Although wind energy is viewed as a source of clean energy because it produces no toxic pollution or greenhouse gas emissions, wind farms do have an impact on the environment, particularly wildlife such as birds and bats. Noise pollution and visual impact are also factors cited by opponents of wind farm projects, particularly in areas that rely on tourism as a major industry.
Despite opposition from many in southern states, as EPA and state agencies continue to tighten emissions standards and technology continues to improve, wind power may prove a viable alternative energy source.
Additional Items of Interest
On July 15, the City of Dothan, Alabama reached a settlement with EPA and the U.S. Department of Justice to resolve Clean Water Act violations as a result of Sanitary Sewer Overflows (SSOs), violations of NPDES permits, and failure to maintain its wastewater treatment plants. According to EPA, the violations have resulted in discharges to Beaver Creek and Cypress Creek, two impaired waterways. The City will pay a civil penalty of $264,000 and has already re-routed the flow of sewage to a newly upgraded wastewater treatment plant to reduce SSOs.

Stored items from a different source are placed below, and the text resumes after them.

(* Let $\tau>0$, $a>4$, and let $s,d$ be integers with $1\le s<d/2$. The estimator $\hat\sigma^2=\frac1d\sum_{k=1}^{d-s}Y^2_{(k)}$ satisfies $$\sup_{P_\xi\in\mathcal P_{a,\tau}}\sup_{\sigma>0}\sup_{\theta\in\Theta_s}\frac{\mathbf E_{\theta,P_\xi,\sigma}(\hat\sigma^2-\sigma^2)^2}{\sigma^4}\le C\max\Big(\frac1{\sqrt d},\Big(\frac sd\Big)^{1-\frac2a}\Big)^2,$$ where $C>0$ depends only on $a$ and $\tau$.
   Context: Model: $Y_i=\theta_i+\sigma\xi_i$, $i=1,\dots,d$, $\theta\in\mathbb R^d$, $\sigma>0$, $\xi_i$ i.i.d. with distribution $P_\xi$, $\mathbf E\xi_1=0,\mathbf E\xi_1^2=1$; $\mathbf E_{\theta,P_\xi,\sigma}$ expectation; $\Theta_s=\{\theta:\|\theta\|_0\le s\}$. For $\tau>0,a\ge2$, $\mathcal P_{a,\tau}$: distributions with $\mathbf E\xi_1=0,\mathbf E\xi_1^2=1$, $\mathbf P(|\xi_1|>t)\le(\tau/t)^a$ for all $t\ge2$. $Y^2_{(1)}\le\dots\le Y^2_{(d)}$ are the ordered values of $Y_1^2,\dots,Y_d^2$. *)

theory Defs
  imports "HOL-Probability.Probability"
begin

definition noise_class :: "real \<Rightarrow> real \<Rightarrow> real measure set" where
  "noise_class a \<tau> = {P. prob_space P \<and> sets P = sets borel \<and>
      integrable P (\<lambda>x. x) \<and> (\<integral>x. x \<partial>P) = 0 \<and>
      integrable P (\<lambda>x. x\<^sup>2) \<and> (\<integral>x. x\<^sup>2 \<partial>P) = 1 \<and>
      (\<forall>t\<ge>2. measure P {x. \<bar>x\<bar> > t} \<le> (\<tau> / t) powr a)}"

definition sparse_vecs :: "nat \<Rightarrow> nat \<Rightarrow> (nat \<Rightarrow> real) set" where
  "sparse_vecs d s = {\<theta>. card {i\<in>{..<d}. \<theta> i \<noteq> 0} \<le> s}"

definition obs :: "(nat \<Rightarrow> real) \<Rightarrow> real \<Rightarrow> (nat \<Rightarrow> real) \<Rightarrow> nat \<Rightarrow> real" where
  "obs \<theta> \<sigma> \<xi> i = \<theta> i + \<sigma> * \<xi> i"
(* Assume the finite-sum setting, that $f$ is $L$-smooth, and that $\tilde\nabla_K$ satisfies the strong growth condition with constant $\rho_K\ge1$. Let $(x_n)$ be generated by SNAG with batch size $K$ and let $\varepsilon>0$. (i) If $f$ is convex with minimizer $x^\ast$, and $s=\frac{1}{L\rho_K}$, $\eta_n=\frac{1}{L\rho_K^2}\frac{n+1}{2}$, $\beta=1$, $\alpha_n=\frac{n^2/(n+1)}{2+n^2/(n+1)}$, then $\mathbb{E}[f(x_n)-f^\ast]\le\varepsilon$ for every $n\ge\rho_K\sqrt{\frac{2L}{\varepsilon}}\|x_0-x^\ast\|$. (ii) If $f$ is $\mu$-strongly convex and $s=\frac{1}{L\rho_K}$, $\eta_n=\eta=\frac{1}{\rho_K\sqrt{\mu L}}$, $\beta=1-\frac{1}{\rho_K}\sqrt{\frac\mu L}$, $\alpha_n=\alpha=\frac{1}{1+\frac{1}{\rho_K}\sqrt{\mu/L}}$, then $\mathbb{E}[f(x_n)-f^\ast]\le\varepsilon$ for every $n\ge\rho_K\sqrt{\frac L\mu}\log\!\left(\frac{2(f(x_0)-f^\ast)}{\varepsilon}\right)$.
   Context: Finite-sum setting: $N\ge2$, $f_i:\mathbb{R}^d\to\mathbb{R}$ continuously differentiable, $f=\frac1N\sum_i f_i$, $f^\ast=\min f$ (attained). $f$ is $L$-smooth if $\nabla f$ is $L$-Lipschitz. For $K\in\{1,\dots,N\}$, $B$ is a uniformly random subset of $\{1,\dots,N\}$ of size $K$ and $\tilde\nabla_K(x)=\frac1K\sum_{i\in B}\nabla f_i(x)$. Strong growth condition (SGC) with constant $\rho_K\ge1$: $\mathbb{E}\|\tilde\nabla_K(x)\|^2\le\rho_K\|\nabla f(x)\|^2$ for all $x$. SNAG: given $x_0=z_0\in\mathbb{R}^d$, $s>0$, $\beta\in[0,1]$, $\alpha_n\in[0,1]$, $\eta_n\ge0$, iterate $y_n=\alpha_nx_n+(1-\alpha_n)z_n$, $x_{n+1}=y_n-s\tilde\nabla_K(y_n)$, $z_{n+1}=\beta z_n+(1-\beta)y_n-\eta_n\tilde\nabla_K(y_n)$, where the same batch is used in both updates of iteration $n$ and batches are independent across iterations. *)

theory Defs
  imports "HOL-Analysis.Analysis" "HOL-Probability.Probability"
begin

On July 15, Zep Inc., an Atlanta-based company, settled alleged violations of the Federal Insecticide, Fungicide, and Rodenticide Act (FIFRA) resulting from distribution and sale of Formula 165, a pesticide. EPA alleged that Zep Inc. failed to obtain a supplemental distribution agreement and, therefore was not authorized to distribute the pesticide. The settlement also resulted from alleged false compliance certifications for other pesticides. The company has agreed to pay $905,000 and has certified its compliance with FIFRA.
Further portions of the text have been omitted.